■ **Aim of the task**
Lines in the listing below containing the string "intro" are to be identified and copied.

-----

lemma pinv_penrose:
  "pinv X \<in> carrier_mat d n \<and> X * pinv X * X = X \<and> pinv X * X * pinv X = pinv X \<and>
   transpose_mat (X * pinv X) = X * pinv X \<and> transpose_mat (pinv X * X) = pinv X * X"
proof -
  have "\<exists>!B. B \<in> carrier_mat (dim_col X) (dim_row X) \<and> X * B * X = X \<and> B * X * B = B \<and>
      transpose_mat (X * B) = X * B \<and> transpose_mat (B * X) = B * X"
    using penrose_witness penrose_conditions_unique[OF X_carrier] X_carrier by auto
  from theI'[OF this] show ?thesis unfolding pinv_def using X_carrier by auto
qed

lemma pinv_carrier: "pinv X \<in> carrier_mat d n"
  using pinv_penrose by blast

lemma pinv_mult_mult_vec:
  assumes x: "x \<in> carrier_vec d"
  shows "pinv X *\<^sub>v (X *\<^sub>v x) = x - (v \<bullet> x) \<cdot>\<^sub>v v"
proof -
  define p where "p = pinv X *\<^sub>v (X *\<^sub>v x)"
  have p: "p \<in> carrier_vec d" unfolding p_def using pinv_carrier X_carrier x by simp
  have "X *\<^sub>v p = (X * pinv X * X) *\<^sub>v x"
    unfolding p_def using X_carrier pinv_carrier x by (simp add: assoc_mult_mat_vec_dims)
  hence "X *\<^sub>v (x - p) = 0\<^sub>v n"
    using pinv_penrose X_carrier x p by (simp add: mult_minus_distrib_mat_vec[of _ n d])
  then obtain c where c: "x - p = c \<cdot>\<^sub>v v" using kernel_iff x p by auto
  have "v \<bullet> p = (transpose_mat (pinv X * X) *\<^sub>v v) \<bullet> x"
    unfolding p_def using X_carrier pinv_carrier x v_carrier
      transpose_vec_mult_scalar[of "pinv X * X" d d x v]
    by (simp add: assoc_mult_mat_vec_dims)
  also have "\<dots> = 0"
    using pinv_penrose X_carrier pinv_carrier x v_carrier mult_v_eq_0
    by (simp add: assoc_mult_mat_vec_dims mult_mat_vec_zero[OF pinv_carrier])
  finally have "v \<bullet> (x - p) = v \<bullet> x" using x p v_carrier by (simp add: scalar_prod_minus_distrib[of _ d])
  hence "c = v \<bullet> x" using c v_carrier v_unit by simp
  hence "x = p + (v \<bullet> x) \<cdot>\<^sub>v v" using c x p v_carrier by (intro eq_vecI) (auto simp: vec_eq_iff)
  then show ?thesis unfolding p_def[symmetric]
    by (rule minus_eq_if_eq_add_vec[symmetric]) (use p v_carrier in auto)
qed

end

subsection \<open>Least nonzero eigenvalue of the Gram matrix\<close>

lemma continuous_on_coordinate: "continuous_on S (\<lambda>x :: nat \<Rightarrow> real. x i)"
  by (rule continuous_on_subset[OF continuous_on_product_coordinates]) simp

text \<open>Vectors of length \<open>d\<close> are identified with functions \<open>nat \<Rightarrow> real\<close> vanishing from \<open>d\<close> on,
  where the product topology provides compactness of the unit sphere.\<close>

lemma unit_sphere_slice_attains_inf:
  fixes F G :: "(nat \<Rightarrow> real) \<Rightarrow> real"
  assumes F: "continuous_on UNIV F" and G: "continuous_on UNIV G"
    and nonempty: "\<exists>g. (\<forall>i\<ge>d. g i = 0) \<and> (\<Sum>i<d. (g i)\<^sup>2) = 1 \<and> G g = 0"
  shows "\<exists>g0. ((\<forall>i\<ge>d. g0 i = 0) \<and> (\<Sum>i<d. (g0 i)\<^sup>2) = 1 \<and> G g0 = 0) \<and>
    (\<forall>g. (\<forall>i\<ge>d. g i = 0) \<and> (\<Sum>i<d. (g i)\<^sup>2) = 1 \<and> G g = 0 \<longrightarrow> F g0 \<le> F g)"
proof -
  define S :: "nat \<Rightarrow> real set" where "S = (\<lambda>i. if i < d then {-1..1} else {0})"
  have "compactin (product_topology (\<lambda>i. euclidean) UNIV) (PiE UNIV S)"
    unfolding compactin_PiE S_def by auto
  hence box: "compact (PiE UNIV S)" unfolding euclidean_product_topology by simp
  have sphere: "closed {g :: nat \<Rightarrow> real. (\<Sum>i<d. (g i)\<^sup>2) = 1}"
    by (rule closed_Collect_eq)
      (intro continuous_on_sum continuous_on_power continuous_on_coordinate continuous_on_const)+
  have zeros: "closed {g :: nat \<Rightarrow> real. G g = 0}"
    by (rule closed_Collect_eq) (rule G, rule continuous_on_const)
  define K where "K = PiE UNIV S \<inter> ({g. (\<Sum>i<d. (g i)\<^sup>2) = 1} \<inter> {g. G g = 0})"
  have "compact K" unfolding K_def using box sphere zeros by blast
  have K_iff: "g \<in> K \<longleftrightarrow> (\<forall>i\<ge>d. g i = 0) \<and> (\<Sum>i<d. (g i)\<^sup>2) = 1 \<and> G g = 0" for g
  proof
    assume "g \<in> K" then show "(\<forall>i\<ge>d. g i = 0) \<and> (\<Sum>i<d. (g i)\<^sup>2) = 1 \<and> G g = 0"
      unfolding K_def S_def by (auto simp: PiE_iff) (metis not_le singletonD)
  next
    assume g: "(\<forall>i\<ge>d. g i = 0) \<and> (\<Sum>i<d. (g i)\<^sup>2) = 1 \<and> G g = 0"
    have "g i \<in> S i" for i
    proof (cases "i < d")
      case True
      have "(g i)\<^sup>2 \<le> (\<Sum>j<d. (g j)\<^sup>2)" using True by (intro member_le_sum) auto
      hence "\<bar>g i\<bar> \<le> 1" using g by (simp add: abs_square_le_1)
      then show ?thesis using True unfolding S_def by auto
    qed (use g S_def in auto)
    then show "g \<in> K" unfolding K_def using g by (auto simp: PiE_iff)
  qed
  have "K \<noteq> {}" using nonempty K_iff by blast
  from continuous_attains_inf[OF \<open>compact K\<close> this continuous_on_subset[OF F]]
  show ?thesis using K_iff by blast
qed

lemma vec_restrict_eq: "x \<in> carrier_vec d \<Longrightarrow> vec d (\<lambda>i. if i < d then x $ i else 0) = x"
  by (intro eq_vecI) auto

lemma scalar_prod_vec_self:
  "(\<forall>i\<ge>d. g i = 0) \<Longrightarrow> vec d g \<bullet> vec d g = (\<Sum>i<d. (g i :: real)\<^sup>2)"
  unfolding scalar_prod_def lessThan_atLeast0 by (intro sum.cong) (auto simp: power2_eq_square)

-----

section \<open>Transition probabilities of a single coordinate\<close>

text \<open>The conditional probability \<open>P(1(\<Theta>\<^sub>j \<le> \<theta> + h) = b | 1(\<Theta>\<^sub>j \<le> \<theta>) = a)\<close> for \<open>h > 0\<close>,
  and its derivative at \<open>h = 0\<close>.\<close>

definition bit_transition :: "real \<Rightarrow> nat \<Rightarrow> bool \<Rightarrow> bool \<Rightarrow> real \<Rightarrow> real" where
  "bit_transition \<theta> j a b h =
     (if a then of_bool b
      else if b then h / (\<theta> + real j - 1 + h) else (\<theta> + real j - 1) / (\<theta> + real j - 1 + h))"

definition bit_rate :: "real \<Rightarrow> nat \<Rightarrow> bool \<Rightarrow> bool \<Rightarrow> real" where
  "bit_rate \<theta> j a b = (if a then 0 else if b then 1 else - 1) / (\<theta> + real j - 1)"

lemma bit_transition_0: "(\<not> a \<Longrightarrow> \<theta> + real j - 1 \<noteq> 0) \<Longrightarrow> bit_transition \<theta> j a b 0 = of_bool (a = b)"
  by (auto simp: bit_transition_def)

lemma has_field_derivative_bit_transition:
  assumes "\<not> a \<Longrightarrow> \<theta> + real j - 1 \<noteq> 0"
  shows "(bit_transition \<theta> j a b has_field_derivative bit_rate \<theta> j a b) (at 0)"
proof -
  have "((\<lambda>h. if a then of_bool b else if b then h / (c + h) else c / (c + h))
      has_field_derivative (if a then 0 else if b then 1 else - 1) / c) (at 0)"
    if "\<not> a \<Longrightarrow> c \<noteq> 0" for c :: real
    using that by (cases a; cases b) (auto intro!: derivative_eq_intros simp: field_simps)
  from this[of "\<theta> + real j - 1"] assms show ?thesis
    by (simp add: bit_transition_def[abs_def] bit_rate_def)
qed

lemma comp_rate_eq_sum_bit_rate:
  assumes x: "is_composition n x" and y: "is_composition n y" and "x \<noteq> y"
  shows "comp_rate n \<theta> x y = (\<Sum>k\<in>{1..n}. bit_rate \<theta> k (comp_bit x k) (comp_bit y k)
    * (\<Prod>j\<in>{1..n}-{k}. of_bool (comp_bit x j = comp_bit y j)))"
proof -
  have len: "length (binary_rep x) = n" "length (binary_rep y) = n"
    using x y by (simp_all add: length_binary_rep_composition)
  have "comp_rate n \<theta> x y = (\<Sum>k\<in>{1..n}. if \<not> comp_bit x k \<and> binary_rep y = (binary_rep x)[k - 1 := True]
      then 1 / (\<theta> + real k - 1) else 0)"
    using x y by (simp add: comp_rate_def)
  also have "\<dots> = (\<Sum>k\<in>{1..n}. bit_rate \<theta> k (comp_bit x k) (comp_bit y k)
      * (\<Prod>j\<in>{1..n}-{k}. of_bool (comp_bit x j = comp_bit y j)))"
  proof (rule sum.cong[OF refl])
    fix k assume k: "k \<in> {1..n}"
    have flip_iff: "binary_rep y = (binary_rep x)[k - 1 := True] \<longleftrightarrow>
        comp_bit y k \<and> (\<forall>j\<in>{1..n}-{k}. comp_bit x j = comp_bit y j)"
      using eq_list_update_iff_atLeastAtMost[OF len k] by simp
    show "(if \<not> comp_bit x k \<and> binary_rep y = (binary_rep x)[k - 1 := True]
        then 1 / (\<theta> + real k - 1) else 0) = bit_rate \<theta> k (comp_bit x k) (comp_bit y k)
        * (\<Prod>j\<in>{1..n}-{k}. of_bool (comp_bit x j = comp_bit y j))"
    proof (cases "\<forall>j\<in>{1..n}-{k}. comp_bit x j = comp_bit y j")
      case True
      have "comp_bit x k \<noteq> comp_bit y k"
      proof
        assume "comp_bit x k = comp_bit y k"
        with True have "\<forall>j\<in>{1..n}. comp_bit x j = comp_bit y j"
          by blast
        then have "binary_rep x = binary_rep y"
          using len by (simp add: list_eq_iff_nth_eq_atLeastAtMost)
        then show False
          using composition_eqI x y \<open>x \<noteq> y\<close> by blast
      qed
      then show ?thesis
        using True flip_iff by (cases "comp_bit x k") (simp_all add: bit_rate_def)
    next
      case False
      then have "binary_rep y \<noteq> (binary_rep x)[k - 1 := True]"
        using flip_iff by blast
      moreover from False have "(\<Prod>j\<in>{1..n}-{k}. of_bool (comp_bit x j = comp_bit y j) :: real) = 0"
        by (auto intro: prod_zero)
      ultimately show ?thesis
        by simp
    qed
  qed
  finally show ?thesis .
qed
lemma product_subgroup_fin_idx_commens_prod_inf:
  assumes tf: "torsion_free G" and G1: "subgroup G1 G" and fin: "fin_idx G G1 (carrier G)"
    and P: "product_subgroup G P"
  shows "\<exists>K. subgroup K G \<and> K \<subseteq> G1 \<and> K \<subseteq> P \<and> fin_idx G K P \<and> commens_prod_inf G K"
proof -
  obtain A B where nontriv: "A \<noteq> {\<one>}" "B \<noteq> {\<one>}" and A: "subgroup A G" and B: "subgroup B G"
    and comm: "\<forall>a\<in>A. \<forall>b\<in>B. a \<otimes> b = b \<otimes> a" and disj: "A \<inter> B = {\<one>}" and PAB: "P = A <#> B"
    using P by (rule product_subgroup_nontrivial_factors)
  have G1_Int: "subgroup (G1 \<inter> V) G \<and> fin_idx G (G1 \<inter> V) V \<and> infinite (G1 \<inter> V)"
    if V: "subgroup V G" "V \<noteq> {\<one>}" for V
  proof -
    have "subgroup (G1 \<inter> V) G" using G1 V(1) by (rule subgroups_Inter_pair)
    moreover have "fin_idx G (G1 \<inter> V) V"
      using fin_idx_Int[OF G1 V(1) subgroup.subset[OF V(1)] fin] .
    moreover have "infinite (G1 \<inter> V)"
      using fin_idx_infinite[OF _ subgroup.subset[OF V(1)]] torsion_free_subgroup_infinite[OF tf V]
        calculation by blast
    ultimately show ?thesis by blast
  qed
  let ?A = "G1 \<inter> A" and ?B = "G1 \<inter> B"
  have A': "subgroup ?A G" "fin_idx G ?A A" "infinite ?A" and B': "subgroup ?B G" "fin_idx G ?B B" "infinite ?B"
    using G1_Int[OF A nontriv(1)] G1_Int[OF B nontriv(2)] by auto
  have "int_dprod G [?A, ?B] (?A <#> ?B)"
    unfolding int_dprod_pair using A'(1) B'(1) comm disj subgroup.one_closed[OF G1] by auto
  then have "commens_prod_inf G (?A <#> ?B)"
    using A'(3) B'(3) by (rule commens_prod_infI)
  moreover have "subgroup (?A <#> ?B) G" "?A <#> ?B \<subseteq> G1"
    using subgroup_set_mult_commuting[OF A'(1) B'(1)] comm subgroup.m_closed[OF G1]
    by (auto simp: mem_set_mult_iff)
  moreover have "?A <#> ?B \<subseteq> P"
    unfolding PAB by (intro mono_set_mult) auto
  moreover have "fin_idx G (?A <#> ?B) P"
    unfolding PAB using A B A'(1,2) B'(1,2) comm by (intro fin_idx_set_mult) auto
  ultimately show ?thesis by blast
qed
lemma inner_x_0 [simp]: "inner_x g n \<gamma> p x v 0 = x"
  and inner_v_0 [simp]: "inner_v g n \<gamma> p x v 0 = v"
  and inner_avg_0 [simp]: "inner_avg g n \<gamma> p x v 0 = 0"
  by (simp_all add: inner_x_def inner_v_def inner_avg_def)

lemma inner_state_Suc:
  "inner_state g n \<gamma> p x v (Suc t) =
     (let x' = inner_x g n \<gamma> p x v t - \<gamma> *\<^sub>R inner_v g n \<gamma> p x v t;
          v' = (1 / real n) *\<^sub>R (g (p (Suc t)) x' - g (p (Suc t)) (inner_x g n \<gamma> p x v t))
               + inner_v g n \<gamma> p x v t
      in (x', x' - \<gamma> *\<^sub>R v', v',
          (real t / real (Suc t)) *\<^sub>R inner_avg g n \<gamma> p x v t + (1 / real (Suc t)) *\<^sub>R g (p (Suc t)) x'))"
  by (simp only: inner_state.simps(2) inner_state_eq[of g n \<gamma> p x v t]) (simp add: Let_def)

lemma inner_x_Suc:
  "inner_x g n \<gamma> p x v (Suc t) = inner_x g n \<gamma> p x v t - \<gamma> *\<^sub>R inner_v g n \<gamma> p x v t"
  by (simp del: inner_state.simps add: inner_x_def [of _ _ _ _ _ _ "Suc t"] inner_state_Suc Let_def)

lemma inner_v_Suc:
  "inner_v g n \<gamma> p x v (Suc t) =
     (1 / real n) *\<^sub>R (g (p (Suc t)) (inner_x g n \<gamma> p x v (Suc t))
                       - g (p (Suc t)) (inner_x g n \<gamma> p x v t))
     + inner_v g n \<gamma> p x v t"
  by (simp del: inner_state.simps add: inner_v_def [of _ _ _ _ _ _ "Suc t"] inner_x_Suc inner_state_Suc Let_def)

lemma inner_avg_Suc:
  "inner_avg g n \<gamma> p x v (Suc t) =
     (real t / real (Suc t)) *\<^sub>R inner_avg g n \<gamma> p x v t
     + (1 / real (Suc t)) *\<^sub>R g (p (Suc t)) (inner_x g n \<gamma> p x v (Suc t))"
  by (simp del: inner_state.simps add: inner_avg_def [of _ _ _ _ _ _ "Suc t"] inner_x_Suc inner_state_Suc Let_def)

-----

■ **Exercise result**
  hence "x = p + (v \<bullet> x) \<cdot>\<^sub>v v" using c x p v_carrier by (intro eq_vecI) (auto simp: vec_eq_iff)
      (intro continuous_on_sum continuous_on_power continuous_on_coordinate continuous_on_const)+
      have "(g i)\<^sup>2 \<le> (\<Sum>j<d. (g j)\<^sup>2)" using True by (intro member_le_sum) auto
  by (intro eq_vecI) auto
  unfolding scalar_prod_def lessThan_atLeast0 by (intro sum.cong) (auto simp: power2_eq_square)
    using that by (cases a; cases b) (auto intro!: derivative_eq_intros simp: field_simps)
        by (auto intro: prod_zero)
    unfolding PAB by (intro mono_set_mult) auto
    unfolding PAB using A B A'(1,2) B'(1,2) comm by (intro fin_idx_set_mult) auto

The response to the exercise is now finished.